◆ Aim of the exercise: For the listing below, print exactly the lines from the line with "case (Suc n)" to the line with "gam n \<le> p", both included, and nothing beyond them.

◆ Task input:
+++

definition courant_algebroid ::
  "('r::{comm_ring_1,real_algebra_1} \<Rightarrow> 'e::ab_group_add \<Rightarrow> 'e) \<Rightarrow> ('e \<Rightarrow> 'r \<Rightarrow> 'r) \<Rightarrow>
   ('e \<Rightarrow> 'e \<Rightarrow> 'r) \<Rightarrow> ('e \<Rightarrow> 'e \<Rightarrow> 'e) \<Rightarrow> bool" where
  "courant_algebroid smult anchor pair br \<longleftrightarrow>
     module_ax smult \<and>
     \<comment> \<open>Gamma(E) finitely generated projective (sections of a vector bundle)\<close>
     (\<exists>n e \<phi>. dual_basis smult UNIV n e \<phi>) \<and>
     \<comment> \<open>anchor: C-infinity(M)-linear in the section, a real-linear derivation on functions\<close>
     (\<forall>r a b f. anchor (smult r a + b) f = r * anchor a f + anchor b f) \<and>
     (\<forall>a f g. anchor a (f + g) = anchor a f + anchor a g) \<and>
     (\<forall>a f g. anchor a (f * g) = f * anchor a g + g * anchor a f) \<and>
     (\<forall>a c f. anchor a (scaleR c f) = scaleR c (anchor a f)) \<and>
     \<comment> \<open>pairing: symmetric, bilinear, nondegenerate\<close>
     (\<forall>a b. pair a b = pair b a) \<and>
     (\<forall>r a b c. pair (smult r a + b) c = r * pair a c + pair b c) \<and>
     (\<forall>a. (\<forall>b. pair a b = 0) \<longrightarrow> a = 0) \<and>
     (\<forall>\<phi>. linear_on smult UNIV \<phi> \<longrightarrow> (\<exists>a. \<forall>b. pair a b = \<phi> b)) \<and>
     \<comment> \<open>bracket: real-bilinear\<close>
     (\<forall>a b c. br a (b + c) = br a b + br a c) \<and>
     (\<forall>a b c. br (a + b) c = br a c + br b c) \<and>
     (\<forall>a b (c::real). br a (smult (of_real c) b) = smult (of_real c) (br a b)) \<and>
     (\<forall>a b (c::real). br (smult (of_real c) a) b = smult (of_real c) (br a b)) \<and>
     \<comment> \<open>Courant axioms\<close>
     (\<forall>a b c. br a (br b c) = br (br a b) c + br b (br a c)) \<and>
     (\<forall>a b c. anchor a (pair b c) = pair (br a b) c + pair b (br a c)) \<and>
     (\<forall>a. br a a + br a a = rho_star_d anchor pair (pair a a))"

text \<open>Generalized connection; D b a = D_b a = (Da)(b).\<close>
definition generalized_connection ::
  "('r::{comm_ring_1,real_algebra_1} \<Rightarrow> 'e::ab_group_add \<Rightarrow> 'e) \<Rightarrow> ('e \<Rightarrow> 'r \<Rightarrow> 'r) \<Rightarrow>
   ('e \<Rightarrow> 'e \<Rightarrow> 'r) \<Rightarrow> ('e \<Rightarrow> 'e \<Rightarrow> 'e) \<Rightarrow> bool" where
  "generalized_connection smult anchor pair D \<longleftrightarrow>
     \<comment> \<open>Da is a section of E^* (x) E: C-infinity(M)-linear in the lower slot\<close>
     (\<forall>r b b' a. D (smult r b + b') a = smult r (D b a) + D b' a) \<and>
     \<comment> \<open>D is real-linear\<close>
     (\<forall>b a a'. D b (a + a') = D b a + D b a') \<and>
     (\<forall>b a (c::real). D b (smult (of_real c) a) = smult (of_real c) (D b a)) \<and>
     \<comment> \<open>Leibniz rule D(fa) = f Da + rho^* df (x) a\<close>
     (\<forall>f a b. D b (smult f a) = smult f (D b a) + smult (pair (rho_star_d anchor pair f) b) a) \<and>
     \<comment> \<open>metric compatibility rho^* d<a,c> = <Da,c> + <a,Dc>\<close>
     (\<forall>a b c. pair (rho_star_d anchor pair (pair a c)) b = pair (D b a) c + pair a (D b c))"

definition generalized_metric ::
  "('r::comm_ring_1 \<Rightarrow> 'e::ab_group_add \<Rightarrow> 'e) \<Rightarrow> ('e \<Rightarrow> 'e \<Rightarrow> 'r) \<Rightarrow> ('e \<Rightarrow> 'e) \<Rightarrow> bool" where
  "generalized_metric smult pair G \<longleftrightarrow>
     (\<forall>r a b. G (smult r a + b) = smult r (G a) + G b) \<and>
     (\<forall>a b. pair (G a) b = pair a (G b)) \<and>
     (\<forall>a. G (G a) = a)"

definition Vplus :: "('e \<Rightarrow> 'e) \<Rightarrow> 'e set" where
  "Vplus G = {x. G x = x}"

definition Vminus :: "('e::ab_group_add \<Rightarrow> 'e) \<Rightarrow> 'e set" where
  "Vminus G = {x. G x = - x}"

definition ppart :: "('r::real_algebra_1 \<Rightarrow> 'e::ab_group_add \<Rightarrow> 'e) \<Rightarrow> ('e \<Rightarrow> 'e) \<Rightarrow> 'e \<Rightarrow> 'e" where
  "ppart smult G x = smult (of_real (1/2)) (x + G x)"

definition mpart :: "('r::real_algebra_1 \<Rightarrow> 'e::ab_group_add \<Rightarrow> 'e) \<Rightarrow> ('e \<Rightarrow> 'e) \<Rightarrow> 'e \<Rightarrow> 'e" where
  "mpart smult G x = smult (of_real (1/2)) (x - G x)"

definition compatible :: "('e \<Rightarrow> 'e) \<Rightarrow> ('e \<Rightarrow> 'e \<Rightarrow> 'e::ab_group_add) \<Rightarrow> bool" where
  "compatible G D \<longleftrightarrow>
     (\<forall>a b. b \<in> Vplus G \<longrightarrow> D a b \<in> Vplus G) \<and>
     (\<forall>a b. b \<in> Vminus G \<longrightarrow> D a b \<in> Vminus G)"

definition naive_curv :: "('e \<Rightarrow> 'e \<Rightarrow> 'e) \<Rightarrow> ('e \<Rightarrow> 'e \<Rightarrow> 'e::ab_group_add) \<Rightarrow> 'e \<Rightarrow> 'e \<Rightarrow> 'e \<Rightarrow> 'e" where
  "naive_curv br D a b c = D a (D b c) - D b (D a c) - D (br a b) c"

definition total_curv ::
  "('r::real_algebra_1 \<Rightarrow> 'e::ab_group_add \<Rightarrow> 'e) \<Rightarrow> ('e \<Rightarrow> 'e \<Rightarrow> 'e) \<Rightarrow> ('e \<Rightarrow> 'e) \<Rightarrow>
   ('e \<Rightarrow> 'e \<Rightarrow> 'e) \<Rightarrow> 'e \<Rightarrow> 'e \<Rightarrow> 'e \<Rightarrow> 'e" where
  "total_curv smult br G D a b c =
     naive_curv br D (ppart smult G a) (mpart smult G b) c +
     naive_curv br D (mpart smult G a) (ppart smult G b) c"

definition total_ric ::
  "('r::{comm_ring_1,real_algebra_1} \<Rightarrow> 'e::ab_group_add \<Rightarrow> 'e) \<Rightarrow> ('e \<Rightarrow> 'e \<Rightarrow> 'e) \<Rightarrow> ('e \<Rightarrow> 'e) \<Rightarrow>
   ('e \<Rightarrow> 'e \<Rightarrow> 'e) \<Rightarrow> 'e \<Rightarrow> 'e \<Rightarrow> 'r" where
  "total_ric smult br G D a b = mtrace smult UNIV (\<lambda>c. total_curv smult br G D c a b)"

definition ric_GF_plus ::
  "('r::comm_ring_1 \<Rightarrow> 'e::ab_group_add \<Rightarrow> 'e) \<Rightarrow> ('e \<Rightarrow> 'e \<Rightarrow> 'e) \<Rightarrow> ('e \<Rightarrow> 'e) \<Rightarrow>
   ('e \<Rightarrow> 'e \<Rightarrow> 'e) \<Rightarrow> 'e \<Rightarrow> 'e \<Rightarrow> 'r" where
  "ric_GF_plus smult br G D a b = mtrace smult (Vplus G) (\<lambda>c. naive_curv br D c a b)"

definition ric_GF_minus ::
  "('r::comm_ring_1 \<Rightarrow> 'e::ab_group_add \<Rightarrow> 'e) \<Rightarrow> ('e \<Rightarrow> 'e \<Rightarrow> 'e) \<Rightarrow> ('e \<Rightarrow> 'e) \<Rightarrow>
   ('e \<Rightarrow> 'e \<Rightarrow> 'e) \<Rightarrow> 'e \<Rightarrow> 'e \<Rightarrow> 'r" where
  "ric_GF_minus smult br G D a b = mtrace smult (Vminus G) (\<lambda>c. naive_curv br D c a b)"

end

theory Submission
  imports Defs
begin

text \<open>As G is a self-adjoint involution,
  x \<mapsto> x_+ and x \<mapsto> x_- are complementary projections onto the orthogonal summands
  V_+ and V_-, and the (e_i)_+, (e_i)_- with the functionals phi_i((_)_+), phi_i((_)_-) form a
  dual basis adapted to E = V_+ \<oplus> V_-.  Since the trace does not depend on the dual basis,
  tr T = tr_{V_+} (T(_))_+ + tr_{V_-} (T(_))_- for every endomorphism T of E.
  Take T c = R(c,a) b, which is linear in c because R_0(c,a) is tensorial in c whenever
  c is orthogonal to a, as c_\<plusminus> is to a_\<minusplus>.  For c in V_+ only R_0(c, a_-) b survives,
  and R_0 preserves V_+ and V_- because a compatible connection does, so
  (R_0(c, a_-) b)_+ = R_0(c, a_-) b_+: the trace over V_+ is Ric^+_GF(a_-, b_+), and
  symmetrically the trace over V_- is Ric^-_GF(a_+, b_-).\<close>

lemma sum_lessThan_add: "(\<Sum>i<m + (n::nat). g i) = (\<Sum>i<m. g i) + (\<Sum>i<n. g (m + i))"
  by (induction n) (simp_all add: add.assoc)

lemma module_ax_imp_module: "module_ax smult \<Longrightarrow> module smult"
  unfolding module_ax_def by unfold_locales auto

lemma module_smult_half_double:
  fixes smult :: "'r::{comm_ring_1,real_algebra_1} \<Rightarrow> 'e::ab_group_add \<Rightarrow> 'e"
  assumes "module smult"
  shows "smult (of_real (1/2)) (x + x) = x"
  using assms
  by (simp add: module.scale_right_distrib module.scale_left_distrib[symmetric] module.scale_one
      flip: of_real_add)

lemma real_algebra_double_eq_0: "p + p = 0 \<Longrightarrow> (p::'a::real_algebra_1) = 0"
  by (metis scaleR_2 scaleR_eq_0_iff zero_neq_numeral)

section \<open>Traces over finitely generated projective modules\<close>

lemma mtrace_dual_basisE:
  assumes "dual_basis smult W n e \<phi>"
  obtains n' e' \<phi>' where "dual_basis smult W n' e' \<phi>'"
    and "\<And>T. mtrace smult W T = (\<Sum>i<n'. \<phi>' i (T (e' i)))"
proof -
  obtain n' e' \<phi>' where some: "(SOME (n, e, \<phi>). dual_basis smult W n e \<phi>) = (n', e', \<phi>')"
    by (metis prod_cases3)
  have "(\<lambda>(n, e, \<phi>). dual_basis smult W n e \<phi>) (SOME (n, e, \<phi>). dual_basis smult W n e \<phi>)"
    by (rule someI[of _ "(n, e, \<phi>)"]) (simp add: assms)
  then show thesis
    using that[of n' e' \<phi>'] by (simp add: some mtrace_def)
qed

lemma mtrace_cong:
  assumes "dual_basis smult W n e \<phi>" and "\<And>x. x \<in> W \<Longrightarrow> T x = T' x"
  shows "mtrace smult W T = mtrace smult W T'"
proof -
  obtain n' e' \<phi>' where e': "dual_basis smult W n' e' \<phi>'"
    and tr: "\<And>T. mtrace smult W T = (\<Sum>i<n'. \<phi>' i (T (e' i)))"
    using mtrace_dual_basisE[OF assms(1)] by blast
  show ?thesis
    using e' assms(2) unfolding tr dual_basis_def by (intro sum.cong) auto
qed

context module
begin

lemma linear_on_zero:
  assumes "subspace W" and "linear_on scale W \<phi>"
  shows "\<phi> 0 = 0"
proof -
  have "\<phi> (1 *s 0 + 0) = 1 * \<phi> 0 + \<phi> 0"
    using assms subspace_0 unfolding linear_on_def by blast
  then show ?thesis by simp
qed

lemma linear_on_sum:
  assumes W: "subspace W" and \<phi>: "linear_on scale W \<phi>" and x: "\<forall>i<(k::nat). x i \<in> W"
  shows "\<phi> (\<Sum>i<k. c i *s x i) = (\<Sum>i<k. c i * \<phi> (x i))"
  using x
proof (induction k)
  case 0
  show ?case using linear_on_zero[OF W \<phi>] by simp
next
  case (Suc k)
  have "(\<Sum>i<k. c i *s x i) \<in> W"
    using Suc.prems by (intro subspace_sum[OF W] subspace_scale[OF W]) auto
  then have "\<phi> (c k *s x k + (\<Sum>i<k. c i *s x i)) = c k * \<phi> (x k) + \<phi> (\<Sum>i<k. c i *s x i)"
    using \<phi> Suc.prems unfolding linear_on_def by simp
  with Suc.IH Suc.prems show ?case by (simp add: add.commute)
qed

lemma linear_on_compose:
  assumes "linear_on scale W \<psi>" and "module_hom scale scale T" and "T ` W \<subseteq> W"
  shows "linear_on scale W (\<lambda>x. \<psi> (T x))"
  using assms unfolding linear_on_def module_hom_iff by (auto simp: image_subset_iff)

+++

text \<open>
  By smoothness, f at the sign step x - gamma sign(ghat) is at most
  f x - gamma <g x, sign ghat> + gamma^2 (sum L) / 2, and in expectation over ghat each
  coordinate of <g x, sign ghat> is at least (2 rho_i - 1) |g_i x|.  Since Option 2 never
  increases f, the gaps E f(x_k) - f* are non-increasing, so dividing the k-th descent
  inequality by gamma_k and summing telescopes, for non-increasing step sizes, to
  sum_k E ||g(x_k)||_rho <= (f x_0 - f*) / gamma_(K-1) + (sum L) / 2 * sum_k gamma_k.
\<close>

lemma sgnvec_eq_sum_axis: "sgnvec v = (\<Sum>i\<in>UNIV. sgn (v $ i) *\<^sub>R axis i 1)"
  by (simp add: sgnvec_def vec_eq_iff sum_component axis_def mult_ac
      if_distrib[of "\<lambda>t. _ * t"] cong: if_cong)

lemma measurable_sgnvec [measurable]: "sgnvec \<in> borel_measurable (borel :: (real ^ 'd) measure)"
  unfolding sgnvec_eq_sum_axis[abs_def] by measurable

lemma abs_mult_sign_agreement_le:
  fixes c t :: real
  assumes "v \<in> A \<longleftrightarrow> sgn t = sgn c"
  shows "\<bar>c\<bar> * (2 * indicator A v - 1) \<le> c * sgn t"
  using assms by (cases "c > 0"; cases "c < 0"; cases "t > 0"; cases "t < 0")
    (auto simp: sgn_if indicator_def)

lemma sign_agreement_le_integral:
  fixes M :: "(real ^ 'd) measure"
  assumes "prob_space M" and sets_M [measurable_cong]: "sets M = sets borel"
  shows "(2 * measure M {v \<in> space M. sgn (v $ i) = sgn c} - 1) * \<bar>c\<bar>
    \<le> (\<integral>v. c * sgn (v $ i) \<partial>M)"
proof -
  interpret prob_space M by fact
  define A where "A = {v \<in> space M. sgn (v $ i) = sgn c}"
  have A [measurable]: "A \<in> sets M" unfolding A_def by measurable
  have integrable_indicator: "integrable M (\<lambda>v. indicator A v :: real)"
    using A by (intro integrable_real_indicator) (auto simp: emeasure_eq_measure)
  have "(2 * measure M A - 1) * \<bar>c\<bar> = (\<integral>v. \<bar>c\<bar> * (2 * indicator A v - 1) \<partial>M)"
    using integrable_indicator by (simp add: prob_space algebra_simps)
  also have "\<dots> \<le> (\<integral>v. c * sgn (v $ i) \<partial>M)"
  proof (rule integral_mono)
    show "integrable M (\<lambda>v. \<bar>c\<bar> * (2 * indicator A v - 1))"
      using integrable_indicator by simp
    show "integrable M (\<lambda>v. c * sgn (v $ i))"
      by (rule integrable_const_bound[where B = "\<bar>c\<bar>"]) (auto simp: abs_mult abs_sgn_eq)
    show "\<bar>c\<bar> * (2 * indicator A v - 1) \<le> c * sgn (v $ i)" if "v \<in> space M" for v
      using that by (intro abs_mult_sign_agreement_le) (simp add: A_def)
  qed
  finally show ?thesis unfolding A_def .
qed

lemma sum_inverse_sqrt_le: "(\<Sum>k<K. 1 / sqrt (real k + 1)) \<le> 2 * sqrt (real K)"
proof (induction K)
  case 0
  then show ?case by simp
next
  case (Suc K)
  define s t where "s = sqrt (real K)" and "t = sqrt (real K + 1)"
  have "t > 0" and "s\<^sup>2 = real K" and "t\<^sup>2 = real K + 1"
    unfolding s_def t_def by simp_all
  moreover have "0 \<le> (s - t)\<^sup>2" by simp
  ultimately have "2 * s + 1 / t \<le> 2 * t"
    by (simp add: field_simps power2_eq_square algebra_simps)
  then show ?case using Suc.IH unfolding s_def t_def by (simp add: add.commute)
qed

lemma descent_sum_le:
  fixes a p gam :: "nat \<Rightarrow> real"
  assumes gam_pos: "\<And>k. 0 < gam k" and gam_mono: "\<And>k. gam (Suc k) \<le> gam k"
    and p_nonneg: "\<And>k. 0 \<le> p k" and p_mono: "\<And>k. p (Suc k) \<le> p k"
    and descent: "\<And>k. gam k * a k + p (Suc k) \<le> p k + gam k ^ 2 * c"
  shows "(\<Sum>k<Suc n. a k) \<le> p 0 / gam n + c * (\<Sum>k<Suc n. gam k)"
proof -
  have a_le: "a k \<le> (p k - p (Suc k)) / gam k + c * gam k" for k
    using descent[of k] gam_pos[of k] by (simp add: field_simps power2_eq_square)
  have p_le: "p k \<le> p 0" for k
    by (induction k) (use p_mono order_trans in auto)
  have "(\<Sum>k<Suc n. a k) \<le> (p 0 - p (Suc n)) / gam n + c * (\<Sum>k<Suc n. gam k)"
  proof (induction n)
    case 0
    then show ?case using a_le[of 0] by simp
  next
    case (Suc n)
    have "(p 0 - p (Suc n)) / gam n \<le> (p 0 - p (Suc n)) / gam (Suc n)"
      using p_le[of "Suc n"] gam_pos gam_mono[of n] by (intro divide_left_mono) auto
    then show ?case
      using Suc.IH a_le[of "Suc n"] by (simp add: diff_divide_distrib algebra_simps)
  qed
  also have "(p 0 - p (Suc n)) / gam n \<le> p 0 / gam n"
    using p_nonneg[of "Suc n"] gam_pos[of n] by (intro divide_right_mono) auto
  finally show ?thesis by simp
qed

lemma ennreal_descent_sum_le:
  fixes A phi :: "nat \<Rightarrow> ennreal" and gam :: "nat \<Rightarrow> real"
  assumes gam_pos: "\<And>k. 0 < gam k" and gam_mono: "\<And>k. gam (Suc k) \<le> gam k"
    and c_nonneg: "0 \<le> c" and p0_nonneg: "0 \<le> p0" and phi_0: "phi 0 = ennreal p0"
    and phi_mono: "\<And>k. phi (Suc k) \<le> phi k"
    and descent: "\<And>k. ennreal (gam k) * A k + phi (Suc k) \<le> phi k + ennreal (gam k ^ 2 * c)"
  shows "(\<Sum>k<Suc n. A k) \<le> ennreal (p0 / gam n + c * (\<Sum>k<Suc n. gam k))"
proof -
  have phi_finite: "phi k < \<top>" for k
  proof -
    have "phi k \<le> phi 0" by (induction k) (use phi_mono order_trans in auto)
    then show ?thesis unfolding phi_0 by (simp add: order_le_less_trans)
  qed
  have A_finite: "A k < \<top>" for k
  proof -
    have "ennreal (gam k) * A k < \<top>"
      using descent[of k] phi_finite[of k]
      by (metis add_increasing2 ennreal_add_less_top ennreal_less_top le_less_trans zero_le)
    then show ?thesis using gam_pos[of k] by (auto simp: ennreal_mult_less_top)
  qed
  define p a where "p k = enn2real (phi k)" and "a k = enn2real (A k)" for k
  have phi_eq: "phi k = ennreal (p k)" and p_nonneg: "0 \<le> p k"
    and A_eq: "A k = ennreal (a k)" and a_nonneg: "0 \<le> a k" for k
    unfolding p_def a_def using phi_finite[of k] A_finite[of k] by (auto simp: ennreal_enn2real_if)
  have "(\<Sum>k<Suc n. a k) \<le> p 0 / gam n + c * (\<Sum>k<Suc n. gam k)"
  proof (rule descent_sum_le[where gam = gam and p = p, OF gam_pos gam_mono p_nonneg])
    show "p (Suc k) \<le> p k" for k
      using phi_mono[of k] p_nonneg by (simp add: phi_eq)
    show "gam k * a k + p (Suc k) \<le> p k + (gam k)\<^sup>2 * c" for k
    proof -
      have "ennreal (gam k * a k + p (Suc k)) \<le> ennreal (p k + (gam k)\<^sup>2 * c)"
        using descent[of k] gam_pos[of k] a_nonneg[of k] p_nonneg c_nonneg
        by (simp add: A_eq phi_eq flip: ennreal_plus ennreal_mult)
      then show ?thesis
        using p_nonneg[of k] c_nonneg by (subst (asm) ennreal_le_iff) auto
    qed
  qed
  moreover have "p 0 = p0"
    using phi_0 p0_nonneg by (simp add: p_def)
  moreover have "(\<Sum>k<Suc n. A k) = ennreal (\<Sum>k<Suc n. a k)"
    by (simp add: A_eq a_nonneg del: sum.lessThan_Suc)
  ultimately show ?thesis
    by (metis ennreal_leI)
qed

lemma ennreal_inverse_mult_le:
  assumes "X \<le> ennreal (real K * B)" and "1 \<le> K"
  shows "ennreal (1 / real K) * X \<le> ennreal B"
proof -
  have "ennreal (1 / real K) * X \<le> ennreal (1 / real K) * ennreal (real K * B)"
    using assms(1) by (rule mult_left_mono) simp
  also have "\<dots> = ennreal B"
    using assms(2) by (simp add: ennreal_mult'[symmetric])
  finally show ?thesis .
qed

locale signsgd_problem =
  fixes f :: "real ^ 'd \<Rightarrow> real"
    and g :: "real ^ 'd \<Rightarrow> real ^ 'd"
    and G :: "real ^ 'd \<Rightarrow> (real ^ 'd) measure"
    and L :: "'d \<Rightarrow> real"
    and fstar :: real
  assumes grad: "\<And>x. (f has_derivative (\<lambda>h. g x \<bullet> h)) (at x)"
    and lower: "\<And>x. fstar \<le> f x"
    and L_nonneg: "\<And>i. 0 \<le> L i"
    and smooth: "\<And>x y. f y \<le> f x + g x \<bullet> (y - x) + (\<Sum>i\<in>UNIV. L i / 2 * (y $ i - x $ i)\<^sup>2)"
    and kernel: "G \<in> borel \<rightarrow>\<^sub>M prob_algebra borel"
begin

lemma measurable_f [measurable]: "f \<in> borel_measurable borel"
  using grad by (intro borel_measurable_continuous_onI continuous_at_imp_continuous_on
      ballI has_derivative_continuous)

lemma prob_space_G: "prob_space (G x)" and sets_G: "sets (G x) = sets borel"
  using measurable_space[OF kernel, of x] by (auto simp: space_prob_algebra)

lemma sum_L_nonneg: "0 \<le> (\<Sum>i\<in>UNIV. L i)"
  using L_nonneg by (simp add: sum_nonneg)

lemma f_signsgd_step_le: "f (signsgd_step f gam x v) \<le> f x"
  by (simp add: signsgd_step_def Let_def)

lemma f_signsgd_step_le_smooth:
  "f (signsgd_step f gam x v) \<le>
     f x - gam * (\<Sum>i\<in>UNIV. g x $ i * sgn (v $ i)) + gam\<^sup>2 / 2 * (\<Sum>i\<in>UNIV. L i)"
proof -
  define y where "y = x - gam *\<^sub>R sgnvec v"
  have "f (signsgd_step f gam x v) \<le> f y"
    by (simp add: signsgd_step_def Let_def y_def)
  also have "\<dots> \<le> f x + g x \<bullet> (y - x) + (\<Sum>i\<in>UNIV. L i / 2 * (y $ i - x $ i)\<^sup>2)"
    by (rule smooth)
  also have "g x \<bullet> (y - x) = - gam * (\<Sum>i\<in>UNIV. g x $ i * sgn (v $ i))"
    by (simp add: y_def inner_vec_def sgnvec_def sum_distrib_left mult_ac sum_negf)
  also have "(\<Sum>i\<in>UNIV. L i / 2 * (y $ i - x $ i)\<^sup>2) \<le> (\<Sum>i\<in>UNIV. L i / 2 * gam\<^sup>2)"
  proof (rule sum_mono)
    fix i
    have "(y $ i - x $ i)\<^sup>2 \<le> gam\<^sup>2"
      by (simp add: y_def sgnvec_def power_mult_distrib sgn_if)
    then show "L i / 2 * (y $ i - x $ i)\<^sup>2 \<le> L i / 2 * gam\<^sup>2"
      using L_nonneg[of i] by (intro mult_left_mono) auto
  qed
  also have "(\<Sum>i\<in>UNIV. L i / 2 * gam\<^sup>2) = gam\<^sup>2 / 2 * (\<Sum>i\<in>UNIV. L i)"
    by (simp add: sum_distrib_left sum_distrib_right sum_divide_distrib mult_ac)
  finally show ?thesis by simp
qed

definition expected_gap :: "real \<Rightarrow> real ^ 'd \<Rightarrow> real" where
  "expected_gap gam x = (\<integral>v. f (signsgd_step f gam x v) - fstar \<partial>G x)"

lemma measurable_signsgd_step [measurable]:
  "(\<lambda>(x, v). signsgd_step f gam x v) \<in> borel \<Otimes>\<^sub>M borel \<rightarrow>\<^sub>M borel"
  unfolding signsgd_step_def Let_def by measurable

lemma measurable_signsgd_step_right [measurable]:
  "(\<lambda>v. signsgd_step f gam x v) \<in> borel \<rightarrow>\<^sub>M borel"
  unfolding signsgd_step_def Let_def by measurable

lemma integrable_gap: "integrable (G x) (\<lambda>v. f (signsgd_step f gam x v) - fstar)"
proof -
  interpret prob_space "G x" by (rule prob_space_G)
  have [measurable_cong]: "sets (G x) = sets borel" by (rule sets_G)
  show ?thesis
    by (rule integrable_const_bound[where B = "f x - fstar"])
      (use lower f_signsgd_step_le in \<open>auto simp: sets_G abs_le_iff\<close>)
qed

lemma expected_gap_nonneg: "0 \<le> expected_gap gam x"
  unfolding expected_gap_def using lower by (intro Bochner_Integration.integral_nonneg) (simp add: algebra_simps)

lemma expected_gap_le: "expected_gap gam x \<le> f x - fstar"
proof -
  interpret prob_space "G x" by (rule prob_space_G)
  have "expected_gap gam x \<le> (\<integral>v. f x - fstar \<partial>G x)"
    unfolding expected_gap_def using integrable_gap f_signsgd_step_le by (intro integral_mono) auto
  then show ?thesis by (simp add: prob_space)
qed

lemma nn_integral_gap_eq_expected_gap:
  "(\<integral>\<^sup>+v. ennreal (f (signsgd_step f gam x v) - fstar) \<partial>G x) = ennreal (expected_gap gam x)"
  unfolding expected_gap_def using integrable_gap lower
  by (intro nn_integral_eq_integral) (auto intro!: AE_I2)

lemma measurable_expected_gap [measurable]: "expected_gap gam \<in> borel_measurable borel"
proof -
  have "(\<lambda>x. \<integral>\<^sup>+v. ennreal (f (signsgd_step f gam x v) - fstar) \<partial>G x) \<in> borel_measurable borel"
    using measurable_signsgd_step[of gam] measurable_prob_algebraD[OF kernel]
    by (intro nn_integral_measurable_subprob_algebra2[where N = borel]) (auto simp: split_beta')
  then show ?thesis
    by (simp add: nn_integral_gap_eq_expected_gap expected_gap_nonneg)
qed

+++

◆ Solution:
    case (Suc n)
    have "(p 0 - p (Suc n)) / gam n \<le> (p 0 - p (Suc n)) / gam (Suc n)"
      using p_le[of "Suc n"] gam_pos gam_mono[of n] by (intro divide_left_mono) auto
    then show ?case
      using Suc.IH a_le[of "Suc n"] by (simp add: diff_divide_distrib algebra_simps)
  qed
  also have "(p 0 - p (Suc n)) / gam n \<le> p 0 / gam n"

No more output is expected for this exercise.